In many interviews with officials and others in Bucharest, Budapest, Prague and Bratislava, as well as with local authorities, the dominant note was accusatory. Complaints about the Gypsies' alleged laziness, uncleanliness, dishonesty and criminality were far more common than plans to relieve their plight. The Stigma of the Stereotype
Jan Vik, 24, the parliamentary deputy of the right-wing Republican Party in the Czech Republic, said he saw the problem as one of criminality.
"We can't wait for the country to be flooded by crime," he said. "At age 3, a Gypsy will see his drunk father, his prostitute mother, and all we try to do for him will prove in vain. His parents tell him the best way of life is stealing."
Such attitudes support the view of many Roma leaders that unless serious efforts are quickly undertaken to end such stereotypes, the current violence against Gypsies -- mainly small-scale village attacks and skinhead assaults -- might expand greatly.
At best, most officials acknowledged a serious social problem, but said that in the current economic crisis, no funds were available to relieve it.
But other suggestions were less charitable. Jozef Pacai, the Mayor of Medzev, said selective killing of Gypsies was the only solution.
Prime Minister Vladimir Meciar of Slovakia said in a speech on Sept. 3 that Gypsies constituted a "socially unadaptable population" with a high birth rate of "children who are poorly adaptable mentally, poorly adaptable socially, children with serious health disorders, children, simply, who are a great burden on this society." The Anonymous Racist
In one interview, a senior counselor in Slovakia who insisted he not be named because "my words would be taken as racist," volunteered views that seem typical: "Under socialism, we said that two species were overprotected -- bears and Roma. They didn't have to work. They had many children and received a lot of welfare.

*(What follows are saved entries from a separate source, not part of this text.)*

lemma L2_convergent_series_of_tail_bounds:
  fixes f :: "nat \<Rightarrow> real \<Rightarrow> real" and T :: "nat \<Rightarrow> real"
  assumes meas [measurable]: "\<And>n. f n \<in> borel_measurable lborel"
    and nonneg: "\<And>n x. 0 \<le> f n x"
    and tail_bound: "\<And>N M. (\<integral>\<^sup>+x. ennreal ((\<Sum>k<N. f (k + M) x)\<^sup>2) \<partial>lborel) \<le> ennreal (T M)"
    and T: "\<And>M. 0 \<le> T M" "T \<longlonglongrightarrow> 0"
  shows "\<exists>G. L2 G \<and> (\<lambda>N. LINT x|lborel. ((\<Sum>n<N. f n x) - G x)\<^sup>2) \<longlonglongrightarrow> 0"
proof -
  define G where "G x = (\<Sum>n. f n x)" for x
  have AE_summable: "AE x in lborel. summable (\<lambda>n. f n x)"
    using nn_integral_power2_suminf_le(1)[OF meas nonneg tail_bound[where M = 0]] by simp
  have sqnorm_le: "L2_sqnorm (\<lambda>x. (\<Sum>n<M. f n x) - G x) \<le> ennreal (T M)" for M
  proof -
    have "AE x in lborel. (\<Sum>k. f (k + M) x) = G x - (\<Sum>n<M. f n x)"
      using AE_summable
    proof eventually_elim
      case (elim x)
      show ?case using suminf_minus_initial_segment[OF elim, of M] by (simp add: G_def)
    qed
    then have "L2_sqnorm (\<lambda>x. (\<Sum>n<M. f n x) - G x)
        = (\<integral>\<^sup>+x. ennreal ((\<Sum>k. f (k + M) x)\<^sup>2) \<partial>lborel)"
      by (intro nn_integral_cong_AE) (auto simp: power2_commute)
    also have "\<dots> \<le> ennreal (T M)"
      using tail_bound by (intro nn_integral_power2_suminf_le(2) nonneg) auto
    finally show ?thesis .
  qed
  have L2_diff_partial: "L2 (\<lambda>x. (\<Sum>n<M. f n x) - G x)" for M
    using sqnorm_le[of M] unfolding G_def by (auto simp: L2_iff_sqnorm_finite le_less_trans)
  have "L2 G"
    using L2_diff_partial[of 0] by (simp add: L2_def)
  moreover have "(LINT x|lborel. ((\<Sum>n<M. f n x) - G x)\<^sup>2) \<le> T M" for M
    using sqnorm_le[of M] L2_sqnorm_eq_integral[OF L2_diff_partial[of M]] T(1)[of M]
    by (simp add: ennreal_le_iff)
  then have "(\<lambda>N. LINT x|lborel. ((\<Sum>n<N. f n x) - G x)\<^sup>2) \<longlonglongrightarrow> 0"
    by (intro tendsto_sandwich[OF _ _ tendsto_const T(2)] always_eventually allI
        integral_nonneg_AE AE_I2) auto
  ultimately show ?thesis by blast
qed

"Today, too, they get a lot. A family with two children that works hard gets as much as a Roma family with a lot of children without work. They spend it in a few days, then go back to stealing.
"The state tried to solve the problem by putting Gypsies in state housing. An apartment was assigned to a family of four or five, then 15 or 20 moved in. They ripped up the floorboards and made a fire in the middle of the room. There are exceptions who work, of course, but that is one out of 15.
"These are not my opinions," the official concluded. "I am giving you an objective picture." A Chilling Suggestion
Such opinions are not found only in official circles. The Bucharest daily Curierul National published last month, without comment, a survey of interviews with what it described as ordinary citizens. One typical comment came from Olivia D., identified as a worker, who said, "I'm sorry I don't have the power -- I would exterminate them all."
Such violent expressions directed against Gypsies, ethnic Hungarians and Jews are common in Romania, and President Ion Iliescu, with a closely divided Parliament, depends on extreme nationalist parties for his Government's survival.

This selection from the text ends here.